Все это время президенты и премьер-министры (следует учитывать, что речь идет всего о двух игроках, меняющихся местами) даже не пытались отказаться от этого аргумента. В действиях партий, сложившихся в правительстве и в высших кругах, конечно, можно было разглядеть элементы идеологии. Однако они выглядели неопределенными даже по сравнению с «идеологией» флорентийских партий времен Возрождения. Аналитики всеми силами старались выделить среди действующих лиц в Белом доме «либералов», милитаристов и имперских реваншистов. Однако позиция людей из российского правительства по каждому конкретному вопросу крайне редко бывает связана с приверженностью некоему определенному знамени. Два примера: в 2001 году Анатолий Чубайс, один из лидеров теоретически либеральной партии среди сторонников Путина, заявил, что война в Чечне серьезно увеличит мощь российских вооруженных сил. Аналогичным образом в 2003 году Алексей Кудрин подчеркнуто отказался выступить с публичным политическим заявлением по делу ЮКОСа.
Однако лучшим примером этого демонстративного прагматизма стало поведение министра экономического развития Эльвиры Набиуллиной. Ее министерство много лет упорно заключало странные, отчетливо антилиберальные союзы по целому ряду вопросов, включая экономическую политику. При этом свободно-рыночная политика, основанная на идеях защиты частной собственности, дерегулирования, приватизации и законности, фактически закрепилась в России с середины 90-х годов и даже теоретически левое правительство Евгения Примакова (1998-1999 годов) не могло ее полностью отвергать.
К концу 2000-х годов единственным либералом, который старался оставаться верным своим принципам, был, по-видимому, министр промышленности Виктор Христенко. Однако в 2011 году он оставил Белый дом, чтобы возглавить Таможенный союз между Россией, Белоруссией и Казахстаном. Прочие технократы продолжали действовать по-прежнему, отказываясь от своих идеологических убеждений, когда это требовалось. К 2012 году в орбите правительства, в сущности, осталась только одна партия – Российский союз промышленников и предпринимателей. Но он всегда был, скорее, сателлитом правительства, чем его частью.
С мая 2012 года правительство Медведева работает по тому же принципу: когда речь идет о серьезных вещах, реальная политика оттесняет идеологию. Возможно, ни в Кремле, ни в Белом доме не вешают портретов Дэн Сяопина, но знающие люди постоянно повторяют: «Не важно, 'какого цвета кошка, лишь бы она ловила мышей».
Однако сейчас самому существованию правительства угрожает именно проблема цвета кошки. С лета 2012 года правительство деидеологизировано, и это мешает достичь консенсуса по любым важным решениям.

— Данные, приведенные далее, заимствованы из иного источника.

section \<open>The coefficient identity\<close>

lemma sum_rank_telescope:
  fixes A D R :: "nat \<Rightarrow> real"
  assumes m: "3 \<le> m"
    and link: "\<And>r. 2 \<le> r \<Longrightarrow> r \<le> m - 2 \<Longrightarrow> A r + D (r - 1) = real (r + 1) * R (r + 1)"
  shows "(\<Sum>r=1..m-1. A r + D r - real r * R r) = A 1 + A (m-1) + D (m-2) + D (m-1) - R 1 - 2 * R 2"
proof -
  obtain d where d: "m = d + 3" using m by (metis add.commute le_Suc_ex)
  have "(\<Sum>r=1..d+2. A r + D r - real r * R r) = A 1 + A (d+2) + D (d+1) + D (d+2) - R 1 - 2 * R 2"
    if "d + 3 \<le> m" for d
    using that
  proof (induction d)
    case 0
    then show ?case by (simp add: numeral_2_eq_2)
  next
    case (Suc d)
    have "A (d+2) + D (d+1) = real (d+3) * R (d+3)"
      using link[of "d+2"] Suc.prems by (simp add: add.commute numeral_3_eq_3)
    then show ?case
      using Suc by (simp add: numeral_3_eq_3 numeral_2_eq_2)
  qed
  then show ?thesis using d by (simp add: numeral_3_eq_3 numeral_2_eq_2)
qed

lemma sum_atLeast0_atMost_if_less:
  "(\<Sum>k=0..n. (t::real)^k * (if k < n then f k else 0)) = (\<Sum>k<n. t^k * f k)"
proof -
  have "{0..n} = insert n {..<n}" by auto
  then show ?thesis by simp
qed

lemma sum_shift_pow_pred:
  "(\<Sum>k=1..n. (t::real)^(k-1) * f (k-1)) = (\<Sum>k=0..n. t^k * (if k < n then f k else 0))"
  unfolding sum_atLeast0_atMost_if_less by (induction n) (auto simp: sum.atLeast0_atMost_Suc)

lemma sum_shift_pow_deriv:
  "(\<Sum>k=0..n. real k * (t::real)^(k-1) * f k) = (\<Sum>k=0..n. t^k * (if k < n then real (k+1) * f (k+1) else 0))"
  unfolding sum_atLeast0_atMost_if_less by (induction n) (auto simp: sum.atLeast0_atMost_Suc)

lemma sum_atLeast1_atMost_eq_atLeast0:
  "(\<Sum>k=1..n. (t::real)^k * f k) = (\<Sum>k=0..n. t^k * (if k = 0 then 0 else f k))"
  by (induction n) (auto simp: sum.atLeast0_atMost_Suc)

lemma sum_pow_if_eq_single:
  "(\<Sum>k=0..n. (t::real)^k * (if k = j then c else 0)) = (if j \<le> n then t^j * c else 0)"
  by (simp add: if_distrib[of "\<lambda>z. _ * z"] sum.delta' cong: if_cong)

text \<open>The time derivative of I^(m)_n, written through scalars at the current point:
  P k r, D k r and R k r stand for L_(k) of rank r contracted with r velocities, its covariant
  derivative contracted with r + 1 velocities, and L_(k) with one index contracted with Q and
  the other r - 1 with velocities; cS k and cC are the Q-contractions of
  L_(k)(i1..i(m-1);im) and C; cK k and cG are the derivatives of L_(k)c Q^c and G along the
  velocity.\<close>
definition Imn_rate :: "(nat \<Rightarrow> nat \<Rightarrow> real) \<Rightarrow> (nat \<Rightarrow> nat \<Rightarrow> real) \<Rightarrow> (nat \<Rightarrow> nat \<Rightarrow> real)
    \<Rightarrow> (nat \<Rightarrow> real) \<Rightarrow> real \<Rightarrow> (nat \<Rightarrow> real) \<Rightarrow> real \<Rightarrow> real \<Rightarrow> nat \<Rightarrow> nat \<Rightarrow> real \<Rightarrow> real" where
  "Imn_rate P D R cS cC cK cG s m n t =
     - real m * cC - (\<Sum>k=1..n. t^(k-1) * D (k-1) (m-1) - t^k / real k * real m * cS (k-1))
     + (\<Sum>r=1..m-1. \<Sum>k=0..n. real k * t^(k-1) * P k r + t^k * (D k r - real r * R k r))
     + s * t^n + (\<Sum>k=1..n. t^(k-1) * R (k-1) 1 + t^k / real k * cK (k-1)) + cG"

definition Imn_rate_coeff :: "(nat \<Rightarrow> nat \<Rightarrow> real) \<Rightarrow> (nat \<Rightarrow> nat \<Rightarrow> real) \<Rightarrow> (nat \<Rightarrow> nat \<Rightarrow> real)
    \<Rightarrow> (nat \<Rightarrow> real) \<Rightarrow> real \<Rightarrow> (nat \<Rightarrow> real) \<Rightarrow> real \<Rightarrow> real \<Rightarrow> nat \<Rightarrow> nat \<Rightarrow> nat \<Rightarrow> real" where
  "Imn_rate_coeff P D R cS cC cK cG s m n k =
     (if k = 0 then cG - real m * cC else (real m * cS (k-1) + cK (k-1)) / real k)
     + (if k < n then R k 1 - D k (m-1) else s)
     + (\<Sum>r=1..m-1. (if k < n then real (k+1) * P (k+1) r else 0) + D k r - real r * R k r)"

lemma Imn_rate_eq_sum_coeff:
  "Imn_rate P D R cS cC cK cG s m n t = (\<Sum>k=0..n. t^k * Imn_rate_coeff P D R cS cC cK cG s m n k)"
proof -
  have const: "cG - real m * cC = (\<Sum>k=0..n. t^k * (if k = 0 then cG - real m * cC else 0))"
    by (simp add: sum_pow_if_eq_single)
  have top: "s * t^n = (\<Sum>k=0..n. t^k * (if k = n then s else 0))"
    by (simp add: sum_pow_if_eq_single)
  have k_terms: "(\<Sum>k=1..n. t^(k-1) * D (k-1) (m-1) - t^k / real k * real m * cS (k-1))
      - (\<Sum>k=1..n. t^(k-1) * R (k-1) 1 + t^k / real k * cK (k-1))
      = - (\<Sum>k=0..n. t^k * (if k < n then R k 1 - D k (m-1) else 0))
        - (\<Sum>k=0..n. t^k * (if k = 0 then 0 else (real m * cS (k-1) + cK (k-1)) / real k))"
  proof -
    have "(\<Sum>k=1..n. t^(k-1) * D (k-1) (m-1) - t^k / real k * real m * cS (k-1))
        - (\<Sum>k=1..n. t^(k-1) * R (k-1) 1 + t^k / real k * cK (k-1))
        = - (\<Sum>k=1..n. t^(k-1) * (R (k-1) 1 - D (k-1) (m-1)))
          - (\<Sum>k=1..n. t^k * ((real m * cS (k-1) + cK (k-1)) / real k))"
      by (simp add: sum_subtractf sum.distrib algebra_simps add_divide_distrib)
    then show ?thesis
      by (simp only: sum_shift_pow_pred[where f="\<lambda>k. R k 1 - D k (m-1)"] sum_atLeast1_atMost_eq_atLeast0)
  qed
  have r_terms: "(\<Sum>r=1..m-1. \<Sum>k=0..n. real k * t^(k-1) * P k r + t^k * (D k r - real r * R k r))
      = (\<Sum>k=0..n. t^k * (\<Sum>r=1..m-1. (if k < n then real (k+1) * P (k+1) r else 0) + D k r - real r * R k r))"
  proof -
    have "(\<Sum>k=0..n. real k * t^(k-1) * P k r + t^k * (D k r - real r * R k r))
        = (\<Sum>k=0..n. t^k * ((if k < n then real (k+1) * P (k+1) r else 0) + D k r - real r * R k r))" for r
      unfolding sum.distrib sum_shift_pow_deriv by (simp flip: sum.distrib add: algebra_simps)
    then show ?thesis
      by (simp only: sum_distrib_left sum.swap[of _ "{1..m-1}"])
  qed
  have "(\<Sum>k=0..n. t^k * Imn_rate_coeff P D R cS cC cK cG s m n k)
      = (\<Sum>k=0..n. t^k * (if k = 0 then cG - real m * cC else 0)
          + t^k * (if k = 0 then 0 else (real m * cS (k-1) + cK (k-1)) / real k)
          + t^k * (if k < n then R k 1 - D k (m-1) else 0) + t^k * (if k = n then s else 0)
          + t^k * (\<Sum>r=1..m-1. (if k < n then real (k+1) * P (k+1) r else 0) + D k r - real r * R k r))"
    by (rule sum.cong) (auto simp: Imn_rate_coeff_def algebra_simps)
  then show ?thesis
    unfolding Imn_rate_def using const top k_terms r_terms by (simp only: sum.distrib)
qed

Как наглядно демонстрирует мировой финансовый кризис, начавшийся в 2007 году, в наши дни во внутренней политике ключевую роль играют социальные проблемы: проблемы здравоохранения, подоходного налога, пенсий, социального страхования, занятости и рынка труда. Обама выиграл выборы 2008 года под знаменем реформы здравоохранения, Олланд победил, призвав к прогрессивному налогообложению богатых. Хотя можно сказать, что российское правительство выиграло выборы 2012 года вообще без лозунгов, основные проблемы, стоящие перед правительством бывшего президента Медведева относятся именно к внутренней политике. Это реформа образования, пенсионная система, налоги на недвижимость, государственные ассигнования на сохранение рабочих мест в бюджетной сфере и в области обороны и регулирование финансовых рынков.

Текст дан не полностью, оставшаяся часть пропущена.